> Required work
Please copy out every line in the records below that includes the word "also".

> Material for this exercise
lemma bregman_nonneg:
  assumes "prox_function N d gd"
  shows "0 \<le> bregman d gd x y"
proof -
  have "strongly_convex_wrt N 1 d" using assms unfolding prox_function_def by blast
  then have "convex_on UNIV d" by (rule strongly_convex_wrt_imp_convex_on) simp
  from convex_on_above_tangent[OF this prox_function_has_derivative[OF assms], of x y]
  show ?thesis unfolding bregman_def by simp
qed

text \<open>The model minimized by the Bregman mapping is \<open>M d\<close> plus a convex remainder.\<close>

lemma bregman_model_eq:
  "g x + G x \<bullet> (y - x) + M * bregman d gd x y + h y
     = M * d y + ((G x - M *\<^sub>R gd x) \<bullet> (y - x) + (g x - M * d x) + h y)"
  unfolding bregman_def by (simp add: inner_diff_left algebra_simps)

lemma bregman_map_minimizes:
  fixes N :: "real^'n \<Rightarrow> real" and g :: "real^'n \<Rightarrow> real" and G :: "real^'n \<Rightarrow> real^'n"
    and x :: "real^'n"
  assumes nrm: "is_norm N" and prox: "prox_function N d gd" and hconv: "convex_on UNIV h"
    and M: "M > 0"
  defines "xp \<equiv> bregman_map d gd h g G M x"
  shows "g x + G x \<bullet> (xp - x) + M * bregman d gd x xp + h xp \<le> g x + G x \<bullet> (y - x) + M * bregman d gd x y + h y"
proof -
  define \<psi> where "\<psi> y = (G x - M *\<^sub>R gd x) \<bullet> (y - x) + (g x - M * d x) + h y" for y
  define \<phi> where "\<phi> y = M * d y + \<psi> y" for y
  have \<phi>_eq: "(\<lambda>y. g x + G x \<bullet> (y - x) + M * bregman d gd x y + h y) = \<phi>"
    unfolding \<phi>_def \<psi>_def by (simp add: bregman_model_eq)
  have "strongly_convex_wrt N (M * 1) \<phi>"
    unfolding \<phi>_def \<psi>_def using prox M
    by (intro strongly_convex_wrt_add_convex strongly_convex_wrt_cmul convex_on_affine_add hconv)
      (auto simp: prox_function_def)
  moreover have "continuous_on UNIV \<phi>"
  proof -
    have "continuous_on UNIV d"
      using prox_function_has_derivative[OF prox]
      by (intro continuous_at_imp_continuous_on) (blast intro: has_derivative_continuous)
    moreover have "continuous_on UNIV h" using convex_on_continuous[OF _ hconv] by simp
    ultimately show ?thesis unfolding \<phi>_def \<psi>_def by (intro continuous_intros) auto
  qed
  ultimately obtain z where "\<And>y. \<phi> z \<le> \<phi> y"
    using strongly_convex_wrt_has_min[OF nrm] M by (metis mult_1_right)
  then have "\<exists>z. is_arg_min \<phi> (\<lambda>_. True) z" unfolding is_arg_min_def by (auto simp: not_less)
  then have "is_arg_min \<phi> (\<lambda>_. True) xp"
    unfolding xp_def bregman_map_def arg_min_def \<phi>_eq by (rule someI_ex)
  then show ?thesis unfolding is_arg_min_def \<phi>_eq[THEN fun_cong] by (auto simp: not_less)
qed
lemma entropy_midpoint_strict:
  assumes g: "gen_entropy_fun h" and q1: "q1 \<in> prob_dists" and q2: "q2 \<in> prob_dists"
    and ne: "q1 \<noteq> q2"
    and I1: "gen_entropy h q1 = ereal I1" and I2: "gen_entropy h q2 = ereal I2"
  shows "ereal ((I1 + I2) / 2) < gen_entropy h (midpoint_dist q1 q2)"
proof (cases "gen_entropy h (midpoint_dist q1 q2) = \<infinity>")
  case False
  define m where "m = midpoint_dist q1 q2"
  obtain a0 where a0: "q1 a0 \<noteq> q2 a0" using ne by auto
  note s1 = entropy_real_summable[OF g q1] and s2 = entropy_real_summable[OF g q2]
  note sm = entropy_real_summable[OF g midpoint_dist_prob[OF q1 q2] False, folded m_def]
  have "((\<lambda>a. (h a (q1 a) + h a (q2 a)) * (1/2)) has_sum ((I1 + I2) * (1/2))) UNIV"
    by (intro has_sum_cmult_left has_sum_add)
      (use s1 s2 I1 I2 in \<open>auto intro: has_sum_infsum\<close>)
  then have "((\<lambda>a. (h a (q1 a) + h a (q2 a)) / 2) has_sum ((I1 + I2) / 2)) UNIV" by simp
  then have "(I1 + I2) / 2 < (\<Sum>\<^sub>\<infinity>a. h a (m a))"
  proof (rule has_sum_strict_mono)
    show "((\<lambda>a. h a (m a)) has_sum (\<Sum>\<^sub>\<infinity>a. h a (m a))) UNIV" using sm(1) by (rule has_sum_infsum)
    show "(h x (q1 x) + h x (q2 x)) / 2 \<le> h x (m x)" if "x \<in> UNIV" for x
      unfolding m_def midpoint_dist_def
      by (rule entropy_fun_mid[OF g]) (use prob_dists_bounds[OF q1] prob_dists_bounds[OF q2] in auto)
    show "(h a0 (q1 a0) + h a0 (q2 a0)) / 2 < h a0 (m a0)"
      unfolding m_def midpoint_dist_def
      by (rule entropy_fun_mid_strict[OF g])
        (use prob_dists_bounds[OF q1] prob_dists_bounds[OF q2] a0 in auto)
  qed simp
  then show ?thesis using sm(2) by (simp add: m_def)
qed simp
lemma A_Q_subset_pa_mat_image: "A_Q n E s t \<subseteq> pa_mat t (\<lambda>_. 1) ` path_alg n E s t"
proof
  fix A :: "nat \<Rightarrow> nat \<Rightarrow> 'a" assume A: "A \<in> A_Q n E s t"
  define R where "R = {(i, j). i \<in> {1..n} \<and> j \<in> {1..n} \<and> has_path n E s t i j}"
  define P where "P i j = (SOME p. is_path n E s t p \<and> fst p = i \<and> path_end t p = j)" for i j
  have P: "is_path n E s t (P i j) \<and> fst (P i j) = i \<and> path_end t (P i j) = j" if "(i, j) \<in> R" for i j
  proof -
    have "\<exists>p. is_path n E s t p \<and> fst p = i \<and> path_end t p = j"
      using that unfolding R_def has_path_def by blast
    then show ?thesis
      unfolding P_def by (rule someI_ex)
  qed
  define x where "x = (\<Sum>(i, j)\<in>R. Poly_Mapping.single (P i j) (A i j))"
  have "x \<in> path_alg n E s t"
    unfolding x_def using P by (auto intro!: path_alg_sum_closed single_in_path_alg)
  moreover have "pa_mat t (\<lambda>_. 1) x = A"
  proof (intro ext)
    fix i j
    have "finite R"
      by (rule finite_subset[of _ "{1..n} \<times> {1..n}"]) (auto simp: R_def)
    have single: "pa_mat t (\<lambda>_. 1) (Poly_Mapping.single (P k l) (A k l)) i j = (if (k, l) = (i, j) then A i j else 0)"
      if "(k, l) \<in> R" for k l
      using P[OF that] by (auto simp: pa_mat_single path_weight_def map_replicate_const)
    have "pa_mat t (\<lambda>_. 1) x i j = (\<Sum>r\<in>R. if r = (i, j) then A i j else 0)"
      unfolding x_def pa_mat_sum sum_fun_apply
      by (intro sum.cong refl) (auto simp: single split: prod.splits)
    also have "\<dots> = A i j"
      using A \<open>finite R\<close> unfolding R_def A_Q_def full_mat_def by (auto simp: sum.delta)
    finally show "pa_mat t (\<lambda>_. 1) x i j = A i j" .
  qed
  ultimately show "A \<in> pa_mat t (\<lambda>_. 1) ` path_alg n E s t"
    by blast
qed

lemma Id_FQ_subset_Id_AQ:
  assumes arrows: "\<forall>e\<in>E. s e \<in> {1..n} \<and> t e \<in> {1..n}"
  shows "(Id_FQ n E s t :: 'a::comm_ring_1 ncpoly set) \<subseteq> Id_AQ n E s t"
  unfolding Id_FQ_def Id_AQ_def
  by (rule nc_algebra_hom.PI_Id_subset_of_onto[OF nc_algebra_hom_pa_mat[OF arrows] A_Q_subset_pa_mat_image])

section \<open>Vanishing polynomial functions\<close>

lemma sum_coeffs_of_exponent_eq_0:
  fixes d :: "'p \<Rightarrow> 'a::{idom, ring_char_0}"
  assumes "finite P" and vanishing: "\<And>z. (\<Sum>p\<in>P. d p * z ^ e p) = 0"
  shows "(\<Sum>p\<in>{p\<in>P. e p = k}. d p) = 0"
proof -
  let ?f = "\<Sum>p\<in>P. monom (d p) (e p)"
  have "\<forall>z. poly ?f z = 0"
    using vanishing by (simp add: poly_sum poly_monom)
  then have "coeff ?f k = 0"
    by (simp add: poly_all_0_iff_0)
  then show ?thesis
    using \<open>finite P\<close> by (simp add: coeff_sum coeff_monom sum.inter_filter)
qed

lemma monomial_coeff_eq_0:
  fixes c :: "'p \<Rightarrow> 'a::{idom, ring_char_0}" and m :: "'p \<Rightarrow> 'v \<Rightarrow> nat"
  assumes "finite V" "finite P"
    and distinct: "\<forall>p\<in>P. \<forall>q\<in>P. (\<forall>a\<in>V. m p a = m q a) \<longrightarrow> p = q"
    and vanishing: "\<And>lam. (\<Sum>p\<in>P. c p * (\<Prod>a\<in>V. lam a ^ m p a)) = 0"
    and "p0 \<in> P"
  shows "c p0 = 0"
  using assms(1) assms(2-)
proof (induction V arbitrary: P rule: finite_induct)
  case empty
  then have "P = {p0}" by auto
  then show ?case using empty.prems(3) by simp
next
  case (insert a V)
  define P' where "P' = {p\<in>P. m p a = m p0 a}"
  show ?case
  proof (rule insert.IH)
    show "finite P'" "p0 \<in> P'" "\<forall>p\<in>P'. \<forall>q\<in>P'. (\<forall>b\<in>V. m p b = m q b) \<longrightarrow> p = q"
      using insert.prems unfolding P'_def by auto
    fix lam :: "'v \<Rightarrow> 'a"
    have "(\<Sum>p\<in>P. (c p * (\<Prod>b\<in>V. lam b ^ m p b)) * z ^ m p a) = 0" for z
    proof -
      have "(\<Prod>b\<in>V. (lam(a := z)) b ^ m p b) = (\<Prod>b\<in>V. lam b ^ m p b)" for p
        using \<open>a \<notin> V\<close> by (intro prod.cong) auto
      then have "(\<Prod>b\<in>insert a V. (lam(a := z)) b ^ m p b) = z ^ m p a * (\<Prod>b\<in>V. lam b ^ m p b)" for p
        using insert.hyps by simp
      then show ?thesis
        using insert.prems(3)[of "lam(a := z)"] by (simp add: mult_ac)
    qed
    then show "(\<Sum>p\<in>P'. c p * (\<Prod>b\<in>V. lam b ^ m p b)) = 0"
      unfolding P'_def by (rule sum_coeffs_of_exponent_eq_0[OF \<open>finite P\<close>])
  qed
qed

lemma prod_list_map_eq_prod_count:
  fixes f :: "'v \<Rightarrow> 'a::comm_monoid_mult"
  assumes "finite V" "set xs \<subseteq> V"
  shows "prod_list (map f xs) = (\<Prod>a\<in>V. f a ^ count (mset xs) a)"
  using assms(2)
proof (induction xs)
  case (Cons x xs)
  have "(\<Prod>a\<in>V. f a ^ count (mset (x # xs)) a) = (\<Prod>a\<in>V. (if a = x then f a else 1) * f a ^ count (mset xs) a)"
    by (intro prod.cong) auto
  also have "\<dots> = f x * (\<Prod>a\<in>V. f a ^ count (mset xs) a)"
    using Cons.prems \<open>finite V\<close> by (simp add: prod.distrib prod.delta')
  finally show ?case
    using Cons by simp
qed simp

section \<open>Two cycles at a vertex rule out identities\<close>

definition cycle_code :: "'e list \<Rightarrow> 'e list \<Rightarrow> nat \<Rightarrow> 'e list" where
  "cycle_code C D k = concat (replicate k D) @ C"

definition cycle_word :: "'e list \<Rightarrow> 'e list \<Rightarrow> nat list \<Rightarrow> 'e list" where
  "cycle_word C D w = concat (map (cycle_code C D) w)"

lemma cycle_code_append_inject:
  assumes "C \<noteq> []" "D \<noteq> []" "hd C \<noteq> hd D"
  shows "cycle_code C D k @ r = cycle_code C D k' @ r' \<Longrightarrow> k = k' \<and> r = r'"
proof (induction k arbitrary: k')
  case 0
  show ?case
  proof (cases k')
    case (Suc l)
    with "0.prems" have "hd (C @ r) = hd (D @ cycle_code C D l @ r')"
      by (simp add: cycle_code_def)
    with assms show ?thesis by simp
  qed (use "0.prems" in \<open>simp add: cycle_code_def\<close>)
next
  case (Suc k)
  show ?case
  proof (cases k')
    case 0
    with Suc.prems have "hd (D @ cycle_code C D k @ r) = hd (C @ r')"
      by (simp add: cycle_code_def)
    with assms show ?thesis by simp
  next
    case (Suc l)
    with Suc.prems have "cycle_code C D k @ r = cycle_code C D l @ r'"
      by (simp add: cycle_code_def)
    with Suc.IH \<open>k' = Suc l\<close> show ?thesis by simp
  qed
qed

lemma cycle_word_inject:
  assumes "C \<noteq> []" "D \<noteq> []" "hd C \<noteq> hd D"
  shows "cycle_word C D w = cycle_word C D w' \<longleftrightarrow> w = w'"
proof
  show "cycle_word C D w = cycle_word C D w' \<Longrightarrow> w = w'"
  proof (induction w arbitrary: w')
    case Nil
    then show ?case
      using assms by (cases w') (simp_all add: cycle_word_def cycle_code_def)
  next
    case (Cons k w)
    show ?case
    proof (cases w')
      case Nil
      with Cons.prems show ?thesis
        using assms by (simp add: cycle_word_def cycle_code_def)
    next
      case (Cons l w'')
      with Cons.prems have "cycle_code C D k @ cycle_word C D w = cycle_code C D l @ cycle_word C D w''"
        by (simp add: cycle_word_def)
      with Cons.IH \<open>w' = l # w''\<close> show ?thesis
        using cycle_code_append_inject[OF assms] by blast
    qed
  qed
qed simp

lemma is_cycle_cycle_code:
  "is_cycle n E s t u C \<Longrightarrow> is_cycle n E s t u D \<Longrightarrow> is_cycle n E s t u (cycle_code C D k)"
  unfolding cycle_code_def by (induction k) (simp_all add: is_cycle_append)

lemma nc_eval_word_cycle_codes:
  assumes C: "is_cycle n E s t u C" and D: "is_cycle n E s t u D"
  shows "nc_eval_word (pa_mult t) (pa_one n) (\<lambda>k. Poly_Mapping.single (u, cycle_code C D k) (1::'a::semiring_1)) w =
    (if w = [] then pa_one n else Poly_Mapping.single (u, cycle_word C D w) 1)"
proof (induction w)
  case Nil
  show ?case by (simp add: nc_eval_word_def)
next
  case (Cons k w)
  have code: "is_path n E s t (u, cycle_code C D k)" "path_end t (u, cycle_code C D k) = u"
    using is_cycle_cycle_code[OF C D] unfolding is_cycle_def by blast+
  then have "u \<in> {1..n}"
    by (simp add: is_path_def)
  with code Cons.IH show ?case
    by (simp add: nc_eval_word_def cycle_word_def pa_mult_single_pa_one pa_mult_single_single)
qed

lemma zero_in_Id_FQ: "0 \<in> Id_FQ n E s t"
  unfolding Id_FQ_def PI_Id_def nc_eval_def by simp

lemma Id_FQ_eq_zero_of_distinct_cycles:
  assumes C: "is_cycle n E s t u (a # C)" and D: "is_cycle n E s t u (b # D)" and "a \<noteq> b"
  shows "(Id_FQ n E s t :: 'a::comm_ring_1 ncpoly set) = {0}"
proof -
  define \<phi> where "\<phi> k = Poly_Mapping.single (u, cycle_code (a # C) (b # D) k) (1::'a)" for k
  let ?word = "nc_eval_word (pa_mult t) (pa_one n) \<phi>"
  have "u \<in> {1..n}"
    using C by (simp add: is_cycle_def is_path_def)
  have \<phi>: "\<phi> k \<in> path_alg n E s t" for k
    using is_cycle_cycle_code[OF C D] unfolding \<phi>_def is_cycle_def by (blast intro: single_in_path_alg)
  have inject: "cycle_word (a # C) (b # D) w = cycle_word (a # C) (b # D) w' \<longleftrightarrow> w = w'" for w w'
    using \<open>a \<noteq> b\<close> by (simp add: cycle_word_inject)
  have Nil_iff: "cycle_word (a # C) (b # D) w = [] \<longleftrightarrow> w = []" for w
    by (cases w) (simp_all add: cycle_word_def cycle_code_def)
  have word: "Poly_Mapping.lookup (?word w) (u, cycle_word (a # C) (b # D) w') = (if w = w' then 1 else 0)" for w w'
    using \<open>u \<in> {1..n}\<close> unfolding \<phi>_def nc_eval_word_cycle_codes[OF C D]
    by (auto simp: lookup_pa_one lookup_single when_def inject Nil_iff)
  have "f = 0" if f: "f \<in> Id_FQ n E s t" for f :: "'a ncpoly"
  proof (rule poly_mapping_eqI)
    fix w'
    have "0 = Poly_Mapping.lookup (nc_eval (pa_mult t) (pa_one n) pa_smult \<phi> f) (u, cycle_word (a # C) (b # D) w')"
      using f \<phi> unfolding Id_FQ_def PI_Id_def by simp
    also have "\<dots> = (\<Sum>w\<in>Poly_Mapping.keys f. Poly_Mapping.lookup f w * (if w = w' then 1 else 0))"
      unfolding nc_eval_def lookup_sum lookup_pa_smult word ..
    also have "\<dots> = Poly_Mapping.lookup f w'"
      by (auto simp: in_keys_iff if_distrib cong: if_cong)
    finally show "Poly_Mapping.lookup f w' = Poly_Mapping.lookup 0 w'"
      by simp
  qed
  with zero_in_Id_FQ show ?thesis
    by blast
qed

section \<open>Separation by weighted representations\<close>

definition arrow_determined :: "nat \<Rightarrow> 'e set \<Rightarrow> ('e \<Rightarrow> nat) \<Rightarrow> ('e \<Rightarrow> nat) \<Rightarrow> bool" where
  "arrow_determined n E s t \<longleftrightarrow>
     (\<forall>v xs ys. is_path n E s t (v, xs) \<and> is_path n E s t (v, ys) \<and> mset xs = mset ys \<longrightarrow> xs = ys)"

lemma arrow_determined_if_PI:
  assumes arrows: "\<forall>e\<in>E. s e \<in> {1..n} \<and> t e \<in> {1..n}"
    and PI: "(Id_FQ n E s t :: 'a::comm_ring_1 ncpoly set) \<noteq> {0}"
  shows "arrow_determined n E s t"
  unfolding arrow_determined_def
proof (intro allI impI, elim conjE, rule ccontr)
  fix v xs ys
  assume "is_path n E s t (v, xs)" "is_path n E s t (v, ys)" "mset xs = mset ys" "xs \<noteq> ys"
  then obtain u a b C D where "a \<noteq> b" "is_cycle n E s t u (a # C)" "is_cycle n E s t u (b # D)"
    by (rule distinct_cycles_of_ambiguous_paths[OF arrows])
  then have "(Id_FQ n E s t :: 'a ncpoly set) = {0}"
    by (intro Id_FQ_eq_zero_of_distinct_cycles)
  with PI show False ..
qed

lemma mset_eq_if_count_eq_on:
  assumes "set xs \<subseteq> V" "set ys \<subseteq> V" "\<forall>a\<in>V. count (mset xs) a = count (mset ys) a"
  shows "mset xs = mset ys"
  using assms by (intro multiset_eqI) (metis count_mset_0_iff subsetD)

lemma pa_mat_eq_sum_monomials:
  assumes "finite E" and x: "x \<in> path_alg n E s t"
  shows "pa_mat t lam x i j = (\<Sum>p\<in>{p \<in> Poly_Mapping.keys x. fst p = i \<and> path_end t p = j}.
    Poly_Mapping.lookup x p * (\<Prod>a\<in>E. lam a ^ count (mset (snd p)) a))"
proof -
  have "set (snd p) \<subseteq> E" if "p \<in> Poly_Mapping.keys x" for p
    using x that unfolding path_alg_def is_path_def by auto
  then show ?thesis
    unfolding pa_mat_def path_weight_def
    by (simp add: sum.inter_filter prod_list_map_eq_prod_count[OF \<open>finite E\<close>] cong: if_cong)
qed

> Written response
    also have "\<dots> = A i j"
  also have "\<dots> = f x * (\<Prod>a\<in>V. f a ^ count (mset xs) a)"
    also have "\<dots> = (\<Sum>w\<in>Poly_Mapping.keys f. Poly_Mapping.lookup f w * (if w = w' then 1 else 0))"
    also have "\<dots> = Poly_Mapping.lookup f w'"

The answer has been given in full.